P.S. Please share your best April Fool’s story to add to our blog – either as the “duper” or the “dupee.” The most original will win a new 60” flat screen TV in time for the NCAA championship game on Sun., April 6…

4 Responses

  1. Great article Jane!

    Best prank I ever pulled was on some friends living in the apartment next door in college. We did a number of things after we broke into their apartment. Flour in the hair dryers…Saran Wrap over the toilet bowls but under the seats…sugar in the bed sheets…moved a whole bedroom into the kitchen and the kitchen into the bedroom…and lastly tied their front door handle to the porch railing, causing them to have to leave through the window. It was hysterical! However, payback can, and was, painful. Oh yes, forgot that we put rocks in their hubcaps, and filled one car completely with stack of recycled newspapers. :)

  2. While it has been awhile since I have been in the business world, April 1st always seemed to bring out the prankster who felt the need to play a childish pranks in the office like putting vinegar instead of water in the coffee pot!

    While we now “attach” documents to emails, I recently saw a great office prank I’d like to share using a copier/fax machine (or so they thought!) APRIL FOOLS! :)

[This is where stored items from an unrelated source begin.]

lemma D_action_gt:
  assumes "\<And>w. w \<in> Post P s a \<Longrightarrow> k \<le> r w" and "v \<in> Post P s a" and "k < r v"
  shows "k < D_action P r s a"
proof (cases "\<exists>u\<in>Post P s a. \<exists>w\<in>Post P s a. r u \<noteq> r w")
  case True
  have "k \<le> Min (r ` Post P s a)"
    using assms(1,2) by (auto intro: Min.boundedI)
  moreover have "k < \<infinity>"
    using assms(3) by (cases k) auto
  ultimately have "k < Min (r ` Post P s a) + 1"
    by (cases k; cases "Min (r ` Post P s a)") (simp_all add: one_enat_def)
  then show ?thesis
    using True by (simp add: D_action_def)
next
  case False
  then have "D_action P r s a = Min (r ` Post P s a)"
    unfolding D_action_def by (simp only: if_False add_0_right)
  also have "r ` Post P s a = {r v}"
    using False assms(2) by blast
  finally show ?thesis
    using assms(3) by (simp only: Min_singleton)
qed

lemma opt_over_attained:
  fixes f :: "'b \<Rightarrow> 'c::complete_linorder"
  assumes "finite A" "A \<noteq> {}"
  shows "\<exists>a\<in>A. opt_over o' A f = f a"
proof (cases o')
  case OMin
  then have "opt_over o' A f = Min (f ` A)"
    using assms by (simp add: opt_over_def Min_Inf)
  moreover have "Min (f ` A) \<in> f ` A"
    using assms by simp
  ultimately show ?thesis by auto
next
  case OMax
  then have "opt_over o' A f = Max (f ` A)"
    using assms by (simp add: opt_over_def Max_Sup)
  moreover have "Max (f ` A) \<in> f ` A"
    using assms by simp
  ultimately show ?thesis by auto
qed

lemma partial_exp_rew_target: "s \<in> T \<Longrightarrow> partial_exp_rew P T rew \<sigma> s = 0"
  by (simp add: partial_exp_rew_def nn_integral_reach_paths_target path_rew_def)

text \<open>Paths with at most n states, i.e. T is reached within n - 1 steps.\<close>

definition reach_prob_within ::
    "('s::finite \<Rightarrow> 'a::finite \<Rightarrow> 's \<Rightarrow> real) \<Rightarrow> 's set \<Rightarrow> ('s \<Rightarrow> 'a) \<Rightarrow> nat \<Rightarrow> 's \<Rightarrow> ennreal" where
  "reach_prob_within P T \<sigma> n s =
     (\<integral>\<^sup>+ p. ennreal (path_prob P \<sigma> p) * indicator {p. length p \<le> n} p
        \<partial>count_space (reach_paths T s))"

locale mdp =
  fixes P :: "'s::finite \<Rightarrow> 'a::finite \<Rightarrow> 's \<Rightarrow> real"
  assumes is_mdp: "is_mdp P"
begin

lemma P_nonneg: "0 \<le> P s a s'"
  using is_mdp by (simp add: is_mdp_def)

lemma path_prob_nonneg: "0 \<le> path_prob P \<sigma> p"
  unfolding path_prob_def by (intro prod_nonneg) (simp add: P_nonneg)

lemma sum_P_le_1: "(\<Sum>s'\<in>UNIV. P s a s') \<le> 1"
proof -
  have "(\<Sum>s'\<in>UNIV. P s a s') \<in> {0, 1}"
    using is_mdp by (simp add: is_mdp_def)
  then show ?thesis by auto
qed

lemma enabled_sum_Post:
  assumes "enabled P s a"
  shows "(\<Sum>s'\<in>Post P s a. P s a s') = 1"
proof -
  have "(\<Sum>s'\<in>Post P s a. P s a s') = (\<Sum>s'\<in>UNIV. P s a s')"
    by (rule sum.mono_neutral_left) (auto simp: Post_def order.strict_iff_order P_nonneg)
  with assms show ?thesis
    by (simp add: enabled_def)
qed

lemma next_exp_eq_sum_UNIV: "next_exp P f s a = (\<Sum>s'\<in>UNIV. ennreal (P s a s') * f s')"
  unfolding next_exp_def
  by (rule sum.mono_neutral_left) (auto simp: Post_def not_less ennreal_neg)

lemma next_exp_real:
  assumes "\<And>s'. s' \<in> Post P s a \<Longrightarrow> f s' \<noteq> \<infinity>"
  shows "next_exp P f s a = ennreal (\<Sum>s'\<in>Post P s a. P s a s' * enn2real (f s'))"
proof -
  have "next_exp P f s a = (\<Sum>s'\<in>Post P s a. ennreal (P s a s' * enn2real (f s')))"
    unfolding next_exp_def using assms
    by (intro sum.cong) (auto simp: ennreal_mult P_nonneg ennreal_enn2real_if)
  also have "\<dots> = ennreal (\<Sum>s'\<in>Post P s a. P s a s' * enn2real (f s'))"
    by (rule sum_ennreal) (simp add: P_nonneg)
  finally show ?thesis .
qed

lemma next_exp_le_1:
  assumes "\<And>s'. f s' \<le> 1"
  shows "next_exp P f s a \<le> 1"
proof -
  have "next_exp P f s a \<le> (\<Sum>s'\<in>UNIV. ennreal (P s a s'))"
    unfolding next_exp_eq_sum_UNIV using assms by (intro sum_mono) (simp add: mult_left_le)
  also have "\<dots> \<le> 1"
    using sum_P_le_1 by (simp add: P_nonneg)
  finally show ?thesis .
qed

lemma next_exp_less_1:
  assumes "enabled P s a" "\<And>s'. f s' \<le> 1" "v \<in> Post P s a" "f v < 1"
  shows "next_exp P f s a < 1"
proof -
  have "(\<Sum>s'\<in>Post P s a. P s a s' * enn2real (f s')) < (\<Sum>s'\<in>Post P s a. P s a s' * 1)"
  proof (rule sum_strict_mono_ex1)
    have "enn2real (f s') \<le> 1" for s'
      using assms(2)[of s'] by (simp add: enn2real_leI)
    then show "\<forall>s'\<in>Post P s a. P s a s' * enn2real (f s') \<le> P s a s' * 1"
      by (simp add: mult_left_le P_nonneg)
    show "\<exists>s'\<in>Post P s a. P s a s' * enn2real (f s') < P s a s' * 1"
    proof
      have "f v < top"
        using assms(4) ennreal_one_less_top by (rule order.strict_trans)
      then have "enn2real (f v) < 1"
        using assms(4) by (simp add: enn2real_less_iff[of "f v" 1])
      then show "P s a v * enn2real (f v) < P s a v * 1"
        using assms(3) by (simp add: Post_def)
    qed (fact assms(3))
  qed simp
  also have "\<dots> = 1"
    using enabled_sum_Post[OF assms(1)] by simp
  moreover have "f s' \<noteq> \<infinity>" for s'
    using assms(2)[of s'] by (auto simp: top_unique)
  ultimately show ?thesis
    by (simp add: next_exp_real)
qed

lemma reach_prob_nontarget:
  assumes "s \<notin> T"
  shows "reach_prob P T \<sigma> s = next_exp P (reach_prob P T \<sigma>) s (\<sigma> s)"
proof -
  have "reach_prob P T \<sigma> s
      = (\<Sum>s'\<in>UNIV. \<integral>\<^sup>+ p. ennreal (path_prob P \<sigma> (s # p)) \<partial>count_space (reach_paths T s'))"
    unfolding reach_prob_def by (rule nn_integral_reach_paths_nontarget[OF assms])
  also have "\<dots> = (\<Sum>s'\<in>UNIV. \<integral>\<^sup>+ p. ennreal (P s (\<sigma> s) s') * ennreal (path_prob P \<sigma> p)
                                    \<partial>count_space (reach_paths T s'))"
    by (intro sum.cong refl nn_integral_cong)
      (auto simp: reach_paths_def path_prob_Cons ennreal_mult P_nonneg path_prob_nonneg)
  also have "\<dots> = (\<Sum>s'\<in>UNIV. ennreal (P s (\<sigma> s) s') * reach_prob P T \<sigma> s')"
    unfolding reach_prob_def by (simp add: nn_integral_cmult)
  finally show ?thesis
    by (simp add: next_exp_eq_sum_UNIV)
qed

lemma partial_exp_rew_nontarget:
  assumes "s \<notin> T" and rew: "\<And>s. 0 \<le> rew s"
  shows "partial_exp_rew P T rew \<sigma> s =
    next_exp P (\<lambda>s'. ennreal (rew s) * reach_prob P T \<sigma> s' + partial_exp_rew P T rew \<sigma> s') s (\<sigma> s)"
proof -
  have "partial_exp_rew P T rew \<sigma> s
      = (\<Sum>s'\<in>UNIV. \<integral>\<^sup>+ p. ennreal (path_prob P \<sigma> (s # p)) * ennreal (path_rew rew (s # p))
                         \<partial>count_space (reach_paths T s'))"
    unfolding partial_exp_rew_def by (rule nn_integral_reach_paths_nontarget[OF assms(1)])
  also have "\<dots> = (\<Sum>s'\<in>UNIV. \<integral>\<^sup>+ p. ennreal (P s (\<sigma> s) s') *
        (ennreal (rew s) * ennreal (path_prob P \<sigma> p)
          + ennreal (path_prob P \<sigma> p) * ennreal (path_rew rew p))
        \<partial>count_space (reach_paths T s'))"
    by (intro sum.cong refl nn_integral_cong)
      (auto simp: reach_paths_def path_prob_Cons path_rew_Cons ennreal_mult ennreal_plus P_nonneg
        path_prob_nonneg path_rew_nonneg rew algebra_simps)
  also have "\<dots> = (\<Sum>s'\<in>UNIV. ennreal (P s (\<sigma> s) s') *
        (ennreal (rew s) * reach_prob P T \<sigma> s' + partial_exp_rew P T rew \<sigma> s'))"
    unfolding reach_prob_def partial_exp_rew_def by (simp add: nn_integral_cmult nn_integral_add)
  finally show ?thesis
    by (simp add: next_exp_eq_sum_UNIV)
qed

lemma reach_prob_within_le_1: "reach_prob_within P T \<sigma> n s \<le> 1"
proof (induction n arbitrary: s)
  case 0
  have "reach_prob_within P T \<sigma> 0 s = (\<integral>\<^sup>+ p. 0 \<partial>count_space (reach_paths T s))"
    unfolding reach_prob_within_def by (intro nn_integral_cong) (auto simp: reach_paths_def)
  then show ?case by simp
next
  case (Suc n)
  show ?case
  proof (cases "s \<in> T")
    case True
    then show ?thesis
      by (simp add: reach_prob_within_def nn_integral_reach_paths_target path_prob_def)
  next
    case False
    have "reach_prob_within P T \<sigma> (Suc n) s
        = (\<Sum>s'\<in>UNIV. \<integral>\<^sup>+ p. ennreal (P s (\<sigma> s) s') *
            (ennreal (path_prob P \<sigma> p) * indicator {p. length p \<le> n} p)
            \<partial>count_space (reach_paths T s'))"
      unfolding reach_prob_within_def nn_integral_reach_paths_nontarget[OF False]
      by (intro sum.cong refl nn_integral_cong)
        (auto simp: reach_paths_def path_prob_Cons ennreal_mult P_nonneg path_prob_nonneg
          indicator_def)
    also have "\<dots> = next_exp P (reach_prob_within P T \<sigma> n) s (\<sigma> s)"
      unfolding reach_prob_within_def next_exp_eq_sum_UNIV by (simp add: nn_integral_cmult)
    also have "\<dots> \<le> 1"
      by (rule next_exp_le_1) (rule Suc.IH)
    finally show ?thesis .
  qed
qed

lemma reach_prob_le_1: "reach_prob P T \<sigma> s \<le> 1"
proof -
  let ?F = "\<lambda>n p. ennreal (path_prob P \<sigma> p) * indicator {p. length p \<le> n} p"
  have "incseq ?F"
    by (auto simp: incseq_def le_fun_def indicator_def intro!: mult_left_mono)
  moreover have "(SUP n. ?F n p) = ennreal (path_prob P \<sigma> p)" for p
  proof (rule antisym)
    show "(SUP n. ?F n p) \<le> ennreal (path_prob P \<sigma> p)"
      by (rule SUP_least) (simp add: indicator_def)
    show "ennreal (path_prob P \<sigma> p) \<le> (SUP n. ?F n p)"
      by (rule SUP_upper2[of "length p"]) (simp_all add: indicator_def)
  qed
  ultimately have "reach_prob P T \<sigma> s = (SUP n. reach_prob_within P T \<sigma> n s)"
    unfolding reach_prob_def reach_prob_within_def
    by (simp add: nn_integral_monotone_convergence_SUP[symmetric])
  also have "\<dots> \<le> 1"
    by (rule SUP_least) (rule reach_prob_within_le_1)
  finally show ?thesis .
qed

lemma add_next_exp_real:
  assumes "0 \<le> c" "\<And>s'. s' \<in> Post P s a \<Longrightarrow> f s' \<noteq> \<infinity>"
  shows "ennreal c + next_exp P f s a = ennreal (c + (\<Sum>s'\<in>Post P s a. P s a s' * enn2real (f s')))"
  using assms by (simp add: next_exp_real P_nonneg sum_nonneg ennreal_plus)

lemma enabled_nonempty: "{a. enabled P s a} \<noteq> {}"
  using is_mdp by (simp add: is_mdp_def)

lemma ex_certifying_action_OMax:
  assumes "D_op P T OMin r u \<le> r u" "x u \<le> E_op P T rew OMax x u"
  shows "\<exists>a. enabled P u a \<and> certifying_action P T rew x r u a"
proof (cases "u \<in> T")
  case True
  then have "r u = \<infinity>"
    using assms(1) by (simp add: D_op_def)
  then show ?thesis
    using enabled_nonempty True by (auto simp: certifying_action_def)
next
  case False
  obtain a where "enabled P u a" "D_op P T OMin r u = D_action P r u a"
    using opt_over_attained[OF _ enabled_nonempty, where o' = OMin and f = "D_action P r u"]
    by (auto simp: D_op_nontarget[OF False])
  moreover obtain b where "enabled P u b"
    and "E_op P T rew OMax x u = ennreal (rew u) + next_exp P x u b"
    using opt_over_attained[OF _ enabled_nonempty, where o' = OMax and f = "next_exp P x u"]
    by (auto simp: E_op_nontarget[OF False])
  ultimately show ?thesis
    using assms by (cases "r u = \<infinity>") (auto simp: certifying_action_def)
qed

end

locale mdp_strategy = mdp P for P :: "'s::finite \<Rightarrow> 'a::finite \<Rightarrow> 's \<Rightarrow> real" +
  fixes T :: "'s set" and \<sigma> :: "'s \<Rightarrow> 'a"
  assumes strategy: "\<sigma> \<in> strategies P"
begin

lemma enabled_strategy: "enabled P s (\<sigma> s)"
  using strategy by (simp add: strategies_def)

definition succ :: "'s \<Rightarrow> 's \<Rightarrow> bool" where
  "succ u v \<longleftrightarrow> u \<notin> T \<and> v \<in> Post P u (\<sigma> u)"

lemma reach_prob_one_succ:
  assumes "reach_prob P T \<sigma> u = 1" "succ u v"
  shows "reach_prob P T \<sigma> v = 1"
proof (rule ccontr)
  assume "reach_prob P T \<sigma> v \<noteq> 1"
  then have "reach_prob P T \<sigma> v < 1"
    using reach_prob_le_1 by (simp add: order.strict_iff_order)
  then have "next_exp P (reach_prob P T \<sigma>) u (\<sigma> u) < 1"
    using assms(2) by (intro next_exp_less_1[OF enabled_strategy reach_prob_le_1])
      (auto simp: succ_def)
  then show False
    using assms reach_prob_nontarget by (simp add: succ_def)
qed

    http://www.youtube.com/watch?v=ogBG9wJ30tg

  3. Loved the “Left-Handed Whopper.” Always amazes me that people just believe what they read or see on TV. Basketball coach Bob Knight pulled my favorite prank of all time when he announced that his staff found and signed Ivan Renko from Yugoslavia. Read more about the prank: http://en.wikipedia.org/wiki/Ivan_Renko

  4. Seems like shock value is more important than the actual message in today’s world. As people become more and more desensitised to media, the messages have that much more impact. Prankvertising is a great word….is that a new word or has it always existed? That will certainly get people’s attention!